Mason quickly explained the events of the last three hours.
“Whereabouts did you say you found her?”
“I’ve got the GPS coordinates out in the truck. But you’ll know where it is without them. Do you remember that time in high school we camped up near Sulpher Springs with Truman and Fricke? This was about a mile down from where we camped.”
“Yeah, I know the area. Give me the coordinates and I’ll send a deputy up there to see if he can find any kind of vehicle pulled into the brush or down a ravine or something. I can also check missing persons reports in the region, although it may be a day or two before anything turns up. What do you plan to do with her in the meantime?” Daniel asked.
Mason frowned at the odd question. “Do with her? Not a blasted thing. I drove her down the mountain for medical attention and brought in the authorities. As far as I’m concerned, my work here is done. I’ve got enough on my plate without adding this, too. I’m done with it. The woman is your problem now.”
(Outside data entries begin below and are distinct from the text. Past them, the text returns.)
definition inner_bdry :: "real \<Rightarrow> real \<Rightarrow> real \<times> real \<Rightarrow> real \<Rightarrow> site set" where
  "inner_bdry M \<eta> c R = {z \<in> ann_sites M \<eta> c R.
      \<exists>w. tri_adj z w \<and> sup_norm2 (torus_pos M \<eta> w - c) < R}"

definition outer_bdry :: "real \<Rightarrow> real \<Rightarrow> real \<times> real \<Rightarrow> real \<Rightarrow> site set" where
  "outer_bdry M \<eta> c R = {z \<in> ann_sites M \<eta> c R.
      \<exists>w. tri_adj z w \<and> sup_norm2 (torus_pos M \<eta> w - c) > 2 * R}"

definition separates :: "real \<Rightarrow> real \<Rightarrow> real \<times> real \<Rightarrow> real \<Rightarrow> site set \<Rightarrow> bool" where
  "separates M \<eta> c R U \<longleftrightarrow>
     \<not> (\<exists>\<gamma>. lattice_path (ann_sites M \<eta> c R - U) \<gamma> \<and>
            hd \<gamma> \<in> inner_bdry M \<eta> c R \<and> last \<gamma> \<in> outer_bdry M \<eta> c R)"

text \<open>The event \<A>_{R,\<lambda>,\<delta>} for the annulus A_{R,2R} centred at c (it depends on \<lambda>
  only through the law of \<omega>).\<close>
definition ring_event :: "real \<Rightarrow> real \<Rightarrow> real \<times> real \<Rightarrow> real \<Rightarrow> real \<Rightarrow> (site \<Rightarrow> bool) set" where
  "ring_event M \<eta> c R \<delta> = {\<omega>. \<exists>(N::nat) (C::nat \<Rightarrow> site set) (y::nat \<Rightarrow> site).
      N \<ge> 1 \<and>
      (\<forall>i<N. is_cluster (ann_sites M \<eta> c R) \<omega> (C i) \<and>
              diameter (torus_pos M \<eta> ` C i) \<ge> \<delta> * R \<and>
              \<not> \<omega> (y i) \<and>
              (\<exists>u\<in>C i. tri_adj u (y i)) \<and>
              (\<exists>u\<in>C (Suc i mod N). tri_adj u (y i))) \<and>
      separates M \<eta> c R (\<Union>i<N. C i \<union> {y i})}"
He heard a small noise in the doorway, just a strangled gasp. He waited about five seconds, then shifted his gaze to the doorway where she stood, his Jane Doe, looking pale and fragile.
He had no doubt that she’d overheard his callousness, heard him referring to her like a piece of garbage nobody wanted.
Damn.
Chapter 3
“I’m sorry I’ve been such a bother to everyone.”
That low, proper voice sent an oddly tangled shaft of guilt and heat through him. He didn’t care for either emotion. He had no business being attracted to this woman, not when the only thing he knew about her was that he couldn’t afford to trust her. And he certainly had nothing to feel guilty about, not when he had two children to protect.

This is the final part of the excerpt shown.